Boylan, 64, came out at age 40. “As the millennium turned, I felt I’d done everything I could EXCEPT come out.” But like many trans people, she says knew who she was at a young age; In her case, at 6. As a co-author with Jodi Picoult of the forthcoming Mad Honey, a professor at Barnard College in New York City and a 2022-23 Fellow at Harvard's Radcliffe Institute for Advanced Study, Boylan calls herself “happy and successful, although not without sorrows and setbacks.”
There were several folks who responded that joy was elusive, or impossible. Like Sophie Lynne, who tweeted, “I don’t have any joy. Ever.”
A trans man who requested anonymity wrote about the darkness that erases any chance for joy.
“Personally, I’ve been having a very hard time. All the normal problems of life and healthcare that we are all dealing with, plus the near certainty that we are heading towards ‘liquidation.’ What else is there to do but batten down the hatches and support my community?” he wrote. “I’ve been ‘in the game’ for a long time, and this is the worst it’s ever been, or at least the sharpest downturn. I have zero faith in the government to come through for us no matter how blue I vote. I also am at risk of pregnancy, so I’m really feeling the pressure. All in all, I fully, 100% seriously expect to be dead in the next five years. We had our chance, and we squandered it. They’re gonna round us up.”
Gwendolyn Ann Smith, the journalist credited with organizing the first Transgender Day of Remembrance, acknowledged that “some days, just making it through the day in one piece” is how she finds joy, but also reflected on the power of witnessing our resilience.
Model, activist and Instagram celebrity Rose Montoya of Los Angeles said she first found joy in being trans when Laverne Cox visited her college campus seven years ago. “Hearing her story was so compelling, because it was my story.” Montoya, 26, identifies as trans, Latine, bisexual and nonbinary, and told me she’s dealt with bullies all her life, when she identified as a gay boy, and now on social media. So she’s used her platform to educate and advocate. But it comes with a price.
“I’m exhausted,” she said. “After Pride month, I’ve been focusing on resting and recharging. I find joy in taking a break. There’s so much more work to be done and more fighting for change needed, but I cannot continue to pour from an empty cup. I’ve been surrounding myself with my family, chosen family, friends, and my partner.”
Kara Mailman, 30, is a nonbinary transmasc in Washington, D.C. They are living proof that being surrounded by affirming, supportive people can be a source of personal joy.

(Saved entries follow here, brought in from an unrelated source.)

lemma subcube_at_distance:
  fixes x y c :: "'a::euclidean_space"
  assumes x: "x \<in> cube c r" and y: "y \<in> cube c (2 * r)"
  defines "s \<equiv> dist x y / (6 * sqrt DIM('a))"
  obtains l where "cbox l (l + s *\<^sub>R One) \<subseteq> cube c r"
    and "\<And>z. z \<in> cbox l (l + s *\<^sub>R One) \<Longrightarrow> dist x y / 6 \<le> dist x z \<and> dist x z \<le> dist x y / 3"
proof
  have s0: "0 \<le> s"
    by (simp add: s_def)
  have "dist x y \<le> sqrt DIM('a) * (3 / 2 * r)"
  proof (rule dist_le_sqrt_DIM_mult)
    fix i :: 'a assume "i \<in> Basis"
    then have "\<bar>x \<bullet> i - c \<bullet> i\<bar> \<le> r / 2" "\<bar>y \<bullet> i - c \<bullet> i\<bar> \<le> r"
      using x y by (auto simp: mem_cube_iff)
    then show "\<bar>x \<bullet> i - y \<bullet> i\<bar> \<le> 3 / 2 * r"
      by linarith
  qed
  then have s_le: "2 * s \<le> r / 2"
    by (simp add: s_def field_simps)
  \<comment> \<open>The subcube lies on the side of x facing the centre c, hence inside the cube.\<close>
  define l where "l = (\<Sum>i\<in>Basis. (if x \<bullet> i \<le> c \<bullet> i then x \<bullet> i + s else x \<bullet> i - 2 * s) *\<^sub>R i)"
  have l: "l \<bullet> i = (if x \<bullet> i \<le> c \<bullet> i then x \<bullet> i + s else x \<bullet> i - 2 * s)" if "i \<in> Basis" for i
    using that by (simp add: l_def)
  have coords: "s \<le> \<bar>x \<bullet> i - z \<bullet> i\<bar> \<and> \<bar>x \<bullet> i - z \<bullet> i\<bar> \<le> 2 * s \<and> \<bar>z \<bullet> i - c \<bullet> i\<bar> \<le> r / 2"
    if z: "z \<in> cbox l (l + s *\<^sub>R One)" and i: "i \<in> Basis" for z i
  proof -
    have "l \<bullet> i \<le> z \<bullet> i" "z \<bullet> i \<le> l \<bullet> i + s"
      using z i by (auto simp: mem_box inner_add_left)
    moreover have "\<bar>x \<bullet> i - c \<bullet> i\<bar> \<le> r / 2"
      using x i by (simp add: mem_cube_iff)
    ultimately show ?thesis
      using l[OF i] s0 s_le by (cases "x \<bullet> i \<le> c \<bullet> i") (auto simp: abs_if split: if_split_asm)
  qed
  show "cbox l (l + s *\<^sub>R One) \<subseteq> cube c r"
    using coords by (auto simp: mem_cube_iff)
  fix z assume z: "z \<in> cbox l (l + s *\<^sub>R One)"
  have "sqrt DIM('a) * s \<le> dist x z" "dist x z \<le> sqrt DIM('a) * (2 * s)"
    using coords[OF z] s0 by (blast intro: sqrt_DIM_mult_le_dist dist_le_sqrt_DIM_mult)+
  then show "dist x y / 6 \<le> dist x z \<and> dist x z \<le> dist x y / 3"
    by (simp_all add: s_def field_simps)
qed

lemma min_powr_mult_le_powr:
  fixes a b t d e :: real
  assumes "0 < a" "0 < t" "a * t \<le> d" "d \<le> b * t"
  shows "min (a powr e) (b powr e) * t powr e \<le> d powr e"
proof (cases "0 \<le> e")
  case True
  have "min (a powr e) (b powr e) * t powr e \<le> (a * t) powr e"
    using assms by (simp add: powr_mult mult_right_mono)
  also have "\<dots> \<le> d powr e"
    using True assms by (intro powr_mono2) auto
  finally show ?thesis .
next
  case False
  have "0 < d"
    using assms mult_pos_pos[OF assms(1,2)] by linarith
  have "min (a powr e) (b powr e) * t powr e \<le> (b * t) powr e"
    using assms by (simp add: powr_mult mult_right_mono)
  also have "\<dots> \<le> d powr e"
    using False assms \<open>0 < d\<close> by (intro powr_mono2') auto
  finally show ?thesis .
qed

lemma nn_integral_ball_le_maximal_fn:
  fixes g :: "'a::euclidean_space \<Rightarrow> real"
  assumes "0 < \<rho>"
  shows "(\<integral>\<^sup>+ y\<in>ball z \<rho>. ennreal \<bar>g y\<bar> \<partial>lebesgue)
    \<le> ennreal (unit_ball_vol DIM('a) * \<rho> ^ DIM('a)) * maximal_fn g z"
proof -
  define V where "V = unit_ball_vol DIM('a) * \<rho> ^ DIM('a)"
  define I where "I = (\<integral>\<^sup>+ y\<in>ball z \<rho>. ennreal \<bar>g y\<bar> \<partial>lebesgue)"
  have "0 < V"
    using assms by (simp add: V_def)
  have "emeasure lebesgue (ball z \<rho>) = ennreal V"
    using emeasure_ball[where c = z and r = \<rho>] assms by (simp add: V_def)
  then have "I / ennreal V \<le> maximal_fn g z"
    unfolding maximal_fn_def I_def using assms by (intro SUP_upper2[where i = \<rho>]) auto
  moreover have "I = ennreal V * (I / ennreal V)"
    using \<open>0 < V\<close> by (simp add: ennreal_times_divide mult.commute[of "ennreal V"] ennreal_mult_divide_eq)
  ultimately show ?thesis
    unfolding I_def[symmetric] V_def[symmetric] by (metis mult_left_mono zero_le)
qed

definition transfer_kernel :: "real \<Rightarrow> 'a::euclidean_space set \<Rightarrow> 'a \<Rightarrow> 'a \<Rightarrow> 'a \<Rightarrow> real" where
  "transfer_kernel \<alpha> Q x z y =
     (if z \<in> Q \<and> dist z y < 8 * dist x z
      then dist x z powr (\<alpha> - DIM('a)) / (unit_ball_vol DIM('a) * (8 * dist x z) ^ DIM('a))
      else 0)"

lemma borel_measurable_transfer_kernel:
  assumes [measurable]: "Q \<in> sets borel"
  shows "(\<lambda>(z, y). ennreal (transfer_kernel \<alpha> Q x z y)) \<in> borel_measurable (lborel \<Otimes>\<^sub>M lborel)"
  unfolding transfer_kernel_def by measurable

“I’ve found an incredible partner, my friendships have stayed strong, and my workplace is very trans-friendly,” they told me. “I’ve definitely had some struggles, specifically with explaining to my parents how my gender works, but overall I’m so, so glad I was able to safely come out!”
Jones-Sikes said that while “joy” clearly has different meanings for different people, he sees joy in two dimensions: “There’s joy that you have within yourself, but then there’s the joy you find externally: Being able to be seen and heard by the people closest to me, and where I work. Internally, there’s so much beauty in discovering yourself, and feeling confident as well. Feeling self love, and being my authentic self.”